After testing bacteria’s ability to share genes, study author Lingchong You said the results surprised him. “For all of the bacteria we tested, their conjugation rate is sufficiently fast that, even if you don’t use antibiotics, the resistance can be maintained – even if the genes carry a high cost.”
Bacteria that survive a round of antibiotics quickly pass on their genes to their offspring for survival. This mutation isn’t perfect, however, and comes with its own setbacks. In order to survive the pressure of a select antibiotic, a bacterium may develop the trait of establishing thicker membranes, but the mutation can also cause problems elsewhere in the bacterium. That bacterium may have difficulty in reproducing. The old thought was that these genes would just disappear over time if the pressuring antibiotic was no longer used. However, the Duke researchers found out that the resistant genes can be swapped between bacterial cells, making it much harder to control the resistance.
One of the main authors of the research, Allison Lopatkin, investigated the rate of bacteria conjugation for more than a month. More than 30 percent of the pathogens shared resistant genes through the process of conjugation. Most stunning, all nine of the strains tested sustained their resistant traits even without the selective pressure of antibiotics.
You and Lopatkin suggest that a new strategy be employed to stop the unharmed, resistant bacteria. This strategy must stop the bacteria from sharing mutated genes amongst themselves and it must slow the speed at which these traits are passed on to offspring. All nine strains responded to a treatment employed by You and Lopatkin. Four of the strains began to concede their resistant traits to a substance that the researchers wouldn’t mention. The substance stopped all nine pathogens from spreading antibiotic-resistant traits. They did have success with a natural antimicrobial substance, too.
“As a next step, we’re interested in identifying additional chemicals that can fill these roles more effectively,” said You. The Duke Research team plans to scan a vast library of medicines that block conjugation and stop resistant genes. “These chemicals once proven safe, can serve as adjuvants of the standard antibiotic treatment, or they can be applied in an environmental setting as a way of generally managing of the spread of antibiotic resistance,” You said.

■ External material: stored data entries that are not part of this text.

lemma holomorphic_logarithm_with_deriv:
  assumes S: "convex S" "open S" "a \<in> S" and f: "f holomorphic_on S" "\<And>v. v \<in> S \<Longrightarrow> f v \<noteq> 0"
  obtains l where "l holomorphic_on S" "\<And>v. v \<in> S \<Longrightarrow> exp (l v) = f v"
    "\<And>v. v \<in> S \<Longrightarrow> (l has_field_derivative deriv f v / f v) (at v)"
proof -
  obtain l where l: "l holomorphic_on S" "\<And>v. v \<in> S \<Longrightarrow> exp (l v) = f v"
    using holomorphic_logarithm_exists[OF S(1,2) f S(3)] by blast
  have "(l has_field_derivative deriv f v / f v) (at v)" if v: "v \<in> S" for v
  proof -
    have l': "(l has_field_derivative deriv l v) (at v)" using holomorphic_derivI[OF l(1) S(2) v] .
    have "((\<lambda>v. exp (l v)) has_field_derivative f v * deriv l v) (at v)"
      using DERIV_chain2[OF DERIV_exp l'] l(2)[OF v] by simp
    hence "(f has_field_derivative f v * deriv l v) (at v)"
      by (rule has_field_derivative_transform_within_open[OF _ S(2) v]) (rule l(2))
    hence "deriv f v = f v * deriv l v" by (rule DERIV_imp_deriv)
    thus ?thesis using l' f(2)[OF v] by simp
  qed
  with l that show thesis by blast
qed

lemma continuous_logs_differ_by_constant:
  fixes L l :: "'a::topological_space \<Rightarrow> complex"
  assumes S: "connected S" and cont: "continuous_on S L" "continuous_on S l"
    and exp_eq: "\<And>x. x \<in> S \<Longrightarrow> exp (L x) = exp (l x)"
  obtains c where "\<And>x. x \<in> S \<Longrightarrow> L x = l x + c"
proof -
  have "(\<lambda>x. L x - l x) constant_on S"
  proof (rule continuous_discrete_range_constant[OF S])
    show "continuous_on S (\<lambda>x. L x - l x)" using cont by (intro continuous_intros)
    fix x assume x: "x \<in> S"
    show "\<exists>e>0. \<forall>y. y \<in> S \<and> L y - l y \<noteq> L x - l x \<longrightarrow> e \<le> norm (L y - l y - (L x - l x))"
    proof (intro exI[of _ "2 * pi"] conjI allI impI)
      fix y assume y: "y \<in> S \<and> L y - l y \<noteq> L x - l x"
      show "2 * pi \<le> norm (L y - l y - (L x - l x))"
      proof (rule ccontr)
        assume "\<not> 2 * pi \<le> norm (L y - l y - (L x - l x))"
        hence "\<bar>Im (L y - l y) - Im (L x - l x)\<bar> < 2 * pi"
          using abs_Im_le_cmod[of "L y - l y - (L x - l x)"] by simp
        moreover have "exp (L y - l y) = exp (L x - l x)"
          using exp_eq x y by (simp add: exp_diff)
        ultimately have "L y - l y = L x - l x" by (rule exp_complex_eqI)
        with y show False by blast
      qed
    qed simp
  qed
  then obtain c where "\<And>x. x \<in> S \<Longrightarrow> L x - l x = c" unfolding constant_on_def by blast
  with that show thesis by (metis add.commute diff_add_cancel)
qed

lemma abs_ln_norm_inverse_exp_power:
  fixes l q :: complex
  assumes q: "norm q \<le> 1/2"
  shows "\<bar>ln (norm (inverse (exp l) ^ k * (1 + q)))\<bar> \<le> 1 + real k * norm l"
proof -
  have lower: "1/2 \<le> norm (1 + q)" using norm_triangle_ineq4[of "1 + q" q] q by simp
  have upper: "norm (1 + q) \<le> 3/2" using norm_triangle_ineq[of 1 q] q by simp
  have ln_1q: "\<bar>ln (norm (1 + q))\<bar> \<le> 1"
  proof -
    have "ln (norm (1 + q)) \<ge> - 1"
      using ln_mono[of "1/2" "norm (1 + q)"] lower ln_2_less_1 by (simp add: ln_div)
    moreover have "ln (norm (1 + q)) \<le> norm (1 + q) - 1"
      using lower by (intro ln_le_minus_one) auto
    ultimately show ?thesis using upper by (simp add: abs_le_iff)
  qed
  have "norm (inverse (exp l) ^ k) = exp (- (real k * Re l))"
    by (simp add: norm_power norm_inverse exp_minus exp_of_nat_mult power_inverse)
  moreover have "1 + q \<noteq> 0" using lower by auto
  ultimately have "ln (norm (inverse (exp l) ^ k * (1 + q))) = ln (norm (1 + q)) - real k * Re l"
    by (simp add: norm_mult ln_mult)
  moreover have "\<bar>real k * Re l\<bar> \<le> real k * norm l"
    using abs_Re_le_cmod[of l] by (simp add: abs_mult mult_left_mono)
  ultimately show ?thesis
    using ln_1q abs_triangle_ineq4[of "ln (norm (1 + q))" "real k * Re l"] by linarith
qed

lemma univalent_halfplane_log_deriv:
  fixes \<phi> :: "complex \<Rightarrow> complex" and N :: real
  assumes hol: "\<phi> holomorphic_on {v. Re v > N}" and inj: "inj_on \<phi> {v. Re v > N}"
  obtains l where "l holomorphic_on {v. Re v > N}" "\<And>v. Re v > N \<Longrightarrow> exp (l v) = deriv \<phi> v"
    "\<And>v. Re v > N \<Longrightarrow> (l has_field_derivative deriv (deriv \<phi>) v / deriv \<phi> v) (at v)"
proof (rule holomorphic_logarithm_with_deriv)
  show "deriv \<phi> holomorphic_on {v. Re v > N}"
    using hol open_halfspace_Re_gt by (rule holomorphic_deriv)
  show "deriv \<phi> v \<noteq> 0" if "v \<in> {v. Re v > N}" for v
    using holomorphic_injective_imp_regular[OF hol open_halfspace_Re_gt inj that] .
  show "of_real (N + 1) \<in> {v. Re v > N}" by simp
qed (auto intro: convex_halfspace_Re_gt open_halfspace_Re_gt that)

lemma sector_memE:
  assumes "v \<in> sector v0 k"
  obtains t \<theta> where "t \<ge> 0" "cos \<theta> \<ge> 1/2" "v = of_real v0 + of_real t * exp (\<i> * of_real \<theta>)"
proof -
  obtain t \<theta> where t\<theta>: "v = of_real v0 + of_real t * exp (\<i> * of_real \<theta>)" "t \<ge> 0"
      "- pi / 2 ^ (k + 2) \<le> \<theta>" "\<theta> \<le> pi / 2 ^ (k + 2)"
    using assms unfolding sector_def by blast
  have "(2::real) ^ 2 \<le> 2 ^ (k + 2)" by (intro power_increasing) auto
  hence "pi / 2 ^ (k + 2) \<le> pi / 4" by (intro divide_left_mono) auto
  hence "\<bar>\<theta>\<bar> \<le> pi / 3" using t\<theta>(3,4) pi_gt_zero by (simp add: abs_le_iff)
  hence "cos (pi / 3) \<le> cos \<bar>\<theta>\<bar>" by (intro cos_monotone_0_pi_le) auto
  hence "cos \<theta> \<ge> 1/2" by (simp add: cos_60)
  with t\<theta> that show thesis by blast
qed

lemma ray_Re_ge:
  assumes "t \<ge> 0" "cos \<theta> \<ge> 1/2"
  shows "Re (of_real v0 + of_real t * exp (\<i> * of_real \<theta>)) \<ge> v0 + t / 2"
proof -
  have "t * cos \<theta> \<ge> t * (1/2)" using assms by (intro mult_left_mono) auto
  thus ?thesis by (simp add: Re_exp)
qed

lemma ray_norm_le:
  assumes "t \<ge> 0" "v0 \<ge> 0"
  shows "norm (of_real v0 + of_real t * exp (\<i> * of_real \<theta>)) \<le> v0 + t"
  using norm_triangle_ineq[of "of_real v0" "of_real t * exp (\<i> * of_real \<theta>)"] assms
  by (simp add: norm_mult)

lemma sector_Re_bounds:
  assumes "v \<in> sector v0 k" "v0 \<ge> 0"
  shows "Re v \<ge> v0" "norm v \<le> 2 * Re v"
proof -
  obtain t \<theta> where t\<theta>: "t \<ge> 0" "cos \<theta> \<ge> 1/2" "v = of_real v0 + of_real t * exp (\<i> * of_real \<theta>)"
    using sector_memE[OF assms(1)] by blast
  have "Re v \<ge> v0 + t / 2" "norm v \<le> v0 + t"
    unfolding t\<theta>(3) using ray_Re_ge[OF t\<theta>(1,2)] ray_norm_le[OF t\<theta>(1) assms(2)] by auto
  thus "Re v \<ge> v0" "norm v \<le> 2 * Re v" using t\<theta>(1) assms(2) by linarith+
qed

lemma sector_Re_ge_of_norm_ge:
  assumes "v \<in> sector v0 k" "v0 \<ge> 0" "norm v \<ge> 2 * R"
  shows "Re v \<ge> R"
  using sector_Re_bounds[OF assms(1,2)] assms(3) by linarith

lemma starlike_sector: "starlike (sector v0 k)"
  unfolding starlike_def
proof (intro bexI ballI)
  show "of_real v0 \<in> sector v0 k" unfolding sector_def
    by (intro CollectI exI[of _ 0]) auto
  fix x assume "x \<in> sector v0 k"
  then obtain t \<theta> where t\<theta>: "x = of_real v0 + of_real t * exp (\<i> * of_real \<theta>)" "t \<ge> 0"
      "- pi / 2 ^ (k + 2) \<le> \<theta>" "\<theta> \<le> pi / 2 ^ (k + 2)"
    unfolding sector_def by blast
  show "closed_segment (of_real v0) x \<subseteq> sector v0 k"
  proof
    fix y assume "y \<in> closed_segment (of_real v0) x"
    then obtain u where u: "0 \<le> u" "u \<le> 1" "y = (1 - u) *\<^sub>R of_real v0 + u *\<^sub>R x"
      unfolding in_segment by blast
    have "y = of_real v0 + of_real (u * t) * exp (\<i> * of_real \<theta>)"
      using u(3) t\<theta>(1) by (simp add: scaleR_conv_of_real algebra_simps)
    thus "y \<in> sector v0 k" unfolding sector_def using t\<theta> u
      by (intro CollectI exI[of _ "u * t"] exI[of _ \<theta>] conjI) auto
  qed
qed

Their research should explore the best delivery methods for natural antimicrobials, including colloidal silver, oregano oil, raw manuka honey, garlic, tea tree, pau d arco bark, goldenseal, bee propolis, olive leaf extract, and various other antimicrobial oils synthesized from plants. Further research should investigate the restorative effect of probiotics for reducing antibiotic-resistant traits in microbiomes destroyed by antibiotics. (Further reading: Global antibiotic resistance killing thousands: Natural alternatives only viable medicine left.)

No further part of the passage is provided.